→ EXERCISE BRIEF:
In the records below, find the line that contains "1 \<le> \<tau>" and the line that contains "real list \<Rightarrow>", then retype exactly those two lines and every line between them.
- Opening Delimiter -
(* Assume the scores are produced by a symmetric transformation. Let $\widehat{\mathcal{T}}\subset\{h,\ldots,n-h\}$ be any set of detected changepoints (possibly obtained from the same data by any algorithm) and $\widehat{\mathcal{T}}_R=\{\widehat\tau\in\widehat{\mathcal{T}}:T_{n,\widehat\tau}>t_{\alpha,B}\}$. Then for every $\alpha\in(0,1)$ and integer $B\ge1$, $\mathrm{FWER}=\Pr\{\text{there exists }\widehat\tau\in\widehat{\mathcal{T}}_R\cap\mathcal{G}\}\le\alpha.$
   Context: Data: independent $Z_1,\ldots,Z_n$ in a measurable space $\mathcal{Z}$, $\mathcal{D}=(Z_1,\ldots,Z_n)$, with $K^*\ge0$ changepoints $0=\tau^*_0<\tau^*_1<\cdots<\tau^*_{K^*}<\tau^*_{K^*+1}=n$: the $Z_i$, $i\in(\tau^*_{k-1},\tau^*_k]$, are identically distributed with law $P^*_k$, $P^*_{k+1}\ne P^*_k$; $\mathcal{T}^*=\{\tau^*_1,\ldots,\tau^*_{K^*}\}$. A measurable $\mathbb{S}:\mathcal{Z}\times\mathcal{Z}^n\to\mathbb{R}$ is a symmetric transformation if $\mathbb{S}(z;\mathcal{D})=\mathbb{S}(z;\mathcal{D}_\pi)$ for all $z$ and permutations $\pi$ of $[n]$, $\mathcal{D}_\pi=(Z_{\pi(1)},\ldots,Z_{\pi(n)})$. Scores: $S_i=\mathbb{S}(Z_i;\mathcal{D})+\epsilon e_i$, fixed $\epsilon>0$, $e_i$ i.i.d. $\mathcal{N}(0,1)$ independent of the data. Fix a window $h\ge1$ and use the intervals $\mathcal{I}_\ell=(\ell-h,\ell+h]\cap\mathbb{Z}$ for $\ell=h,\ldots,n-h$. Local ranks $R_{i,\ell}=|\{j\in\mathcal{I}_\ell:S_j\le S_i\}|$; an aggregation function $\mathbb{A}$ maps finite rank vectors to $[0,\infty)$ and $T_{n,\ell}=\mathbb{A}((R_{i,\ell})_{i\in\mathcal{I}_\ell})$. For a permutation $\pi$ of $[n]$, $\mathbb{G}(\pi)_\ell=\mathbb{A}\big((|\{j\in\mathcal{I}_\ell:\pi(j)\le\pi(i)\}|)_{i\in\mathcal{I}_\ell}\big)$. With $\pi_1,\ldots,\pi_B$ i.i.d. uniform permutations independent of the data, $t_{\alpha,B}$ is the $\lceil(1-\alpha)(B+1)\rceil$-th smallest of $\{\|\mathbb{G}(\pi_b)\|_\infty:b\in[B]\}$ ($+\infty$ if this index exceeds $B$). The set of true-null locations is $\mathcal{G}=\{\tau\in\mathbb{Z}: h\le\tau\le n-h,\ (\tau-h,\tau+h]\cap\mathcal{T}^*=\emptyset\}$. *)

theory Defs
  imports "HOL-Probability.Probability" "HOL-Combinatorics.Permutations"
begin

(* Observations Z_1..Z_n are indexed by {1..n}; a data set is D :: nat => 'z
   (values outside {1..n} irrelevant).  Q i is the law of Z_i. *)

definition changepoints :: "(nat \<Rightarrow> 'z measure) \<Rightarrow> nat \<Rightarrow> nat set" where
  "changepoints Q n = {\<tau>. 1 \<le> \<tau> \<and> \<tau> < n \<and> Q \<tau> \<noteq> Q (Suc \<tau>)}"

definition window :: "nat \<Rightarrow> nat \<Rightarrow> nat set" where
  "window h l = {l - h <.. l + h}"

definition true_null :: "(nat \<Rightarrow> 'z measure) \<Rightarrow> nat \<Rightarrow> nat \<Rightarrow> nat set" where
  "true_null Q n h = {\<tau>. h \<le> \<tau> \<and> \<tau> \<le> n - h \<and> window h \<tau> \<inter> changepoints Q n = {}}"

definition symmetric_transformation ::
  "'z measure \<Rightarrow> nat \<Rightarrow> ('z \<Rightarrow> (nat \<Rightarrow> 'z) \<Rightarrow> real) \<Rightarrow> bool" where
  "symmetric_transformation N n Sf \<longleftrightarrow>
     (\<lambda>(z, D). Sf z D) \<in> borel_measurable (N \<Otimes>\<^sub>M PiM {1..n} (\<lambda>_. N)) \<and>
     (\<forall>z D \<pi>. \<pi> permutes {1..n} \<longrightarrow> Sf z (D \<circ> \<pi>) = Sf z D)"

definition scores ::
  "('z \<Rightarrow> (nat \<Rightarrow> 'z) \<Rightarrow> real) \<Rightarrow> real \<Rightarrow> (nat \<Rightarrow> 'z) \<Rightarrow> (nat \<Rightarrow> real) \<Rightarrow> nat \<Rightarrow> real" where
  "scores Sf \<epsilon> D e i = Sf (D i) D + \<epsilon> * e i"

definition local_rank :: "nat \<Rightarrow> (nat \<Rightarrow> 'a::linorder) \<Rightarrow> nat \<Rightarrow> nat \<Rightarrow> nat" where
  "local_rank h S i l = card {j \<in> window h l. S j \<le> S i}"

definition rank_vector :: "nat \<Rightarrow> (nat \<Rightarrow> 'a::linorder) \<Rightarrow> nat \<Rightarrow> nat list" where
  "rank_vector h S l = map (\<lambda>i. local_rank h S i l) [l - h + 1 ..< l + h + 1]"

definition local_stat :: "(nat list \<Rightarrow> real) \<Rightarrow> nat \<Rightarrow> (nat \<Rightarrow> real) \<Rightarrow> nat \<Rightarrow> real" where
  "local_stat A h S l = A (rank_vector h S l)"

definition Gperm :: "(nat list \<Rightarrow> real) \<Rightarrow> nat \<Rightarrow> (nat \<Rightarrow> nat) \<Rightarrow> nat \<Rightarrow> real" where
  "Gperm A h \<pi> l = A (rank_vector h \<pi> l)"

definition Gnorm :: "(nat list \<Rightarrow> real) \<Rightarrow> nat \<Rightarrow> nat \<Rightarrow> (nat \<Rightarrow> nat) \<Rightarrow> real" where
  "Gnorm A n h \<pi> = Max ((\<lambda>l. \<bar>Gperm A h \<pi> l\<bar>) ` {h..n - h})"

definition kth_smallest :: "nat \<Rightarrow> real list \<Rightarrow> ereal" where
  "kth_smallest k xs = (if k \<le> length xs then ereal (sort xs ! (k - 1)) else \<infinity>)"

definition perm_threshold ::
  "(nat list \<Rightarrow> real) \<Rightarrow> nat \<Rightarrow> nat \<Rightarrow> real \<Rightarrow> nat \<Rightarrow> (nat \<Rightarrow> nat \<Rightarrow> nat) \<Rightarrow> ereal" where
  "perm_threshold A n h \<alpha> B Ps =
     kth_smallest (nat \<lceil>(1 - \<alpha>) * real (B + 1)\<rceil>) (map (\<lambda>b. Gnorm A n h (Ps b)) [1..<B + 1])"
- Closing Delimiter -
→ TASK ANSWER:
  "changepoints Q n = {\<tau>. 1 \<le> \<tau> \<and> \<tau> < n \<and> Q \<tau> \<noteq> Q (Suc \<tau>)}"

definition window :: "nat \<Rightarrow> nat \<Rightarrow> nat set" where
  "window h l = {l - h <.. l + h}"

definition true_null :: "(nat \<Rightarrow> 'z measure) \<Rightarrow> nat \<Rightarrow> nat \<Rightarrow> nat set" where
  "true_null Q n h = {\<tau>. h \<le> \<tau> \<and> \<tau> \<le> n - h \<and> window h \<tau> \<inter> changepoints Q n = {}}"

definition symmetric_transformation ::
  "'z measure \<Rightarrow> nat \<Rightarrow> ('z \<Rightarrow> (nat \<Rightarrow> 'z) \<Rightarrow> real) \<Rightarrow> bool" where
  "symmetric_transformation N n Sf \<longleftrightarrow>
     (\<lambda>(z, D). Sf z D) \<in> borel_measurable (N \<Otimes>\<^sub>M PiM {1..n} (\<lambda>_. N)) \<and>
     (\<forall>z D \<pi>. \<pi> permutes {1..n} \<longrightarrow> Sf z (D \<circ> \<pi>) = Sf z D)"

definition scores ::
  "('z \<Rightarrow> (nat \<Rightarrow> 'z) \<Rightarrow> real) \<Rightarrow> real \<Rightarrow> (nat \<Rightarrow> 'z) \<Rightarrow> (nat \<Rightarrow> real) \<Rightarrow> nat \<Rightarrow> real" where
  "scores Sf \<epsilon> D e i = Sf (D i) D + \<epsilon> * e i"

definition local_rank :: "nat \<Rightarrow> (nat \<Rightarrow> 'a::linorder) \<Rightarrow> nat \<Rightarrow> nat \<Rightarrow> nat" where
  "local_rank h S i l = card {j \<in> window h l. S j \<le> S i}"

definition rank_vector :: "nat \<Rightarrow> (nat \<Rightarrow> 'a::linorder) \<Rightarrow> nat \<Rightarrow> nat list" where
  "rank_vector h S l = map (\<lambda>i. local_rank h S i l) [l - h + 1 ..< l + h + 1]"

definition local_stat :: "(nat list \<Rightarrow> real) \<Rightarrow> nat \<Rightarrow> (nat \<Rightarrow> real) \<Rightarrow> nat \<Rightarrow> real" where
  "local_stat A h S l = A (rank_vector h S l)"

definition Gperm :: "(nat list \<Rightarrow> real) \<Rightarrow> nat \<Rightarrow> (nat \<Rightarrow> nat) \<Rightarrow> nat \<Rightarrow> real" where
  "Gperm A h \<pi> l = A (rank_vector h \<pi> l)"

definition Gnorm :: "(nat list \<Rightarrow> real) \<Rightarrow> nat \<Rightarrow> nat \<Rightarrow> (nat \<Rightarrow> nat) \<Rightarrow> real" where
  "Gnorm A n h \<pi> = Max ((\<lambda>l. \<bar>Gperm A h \<pi> l\<bar>) ` {h..n - h})"

definition kth_smallest :: "nat \<Rightarrow> real list \<Rightarrow> ereal" where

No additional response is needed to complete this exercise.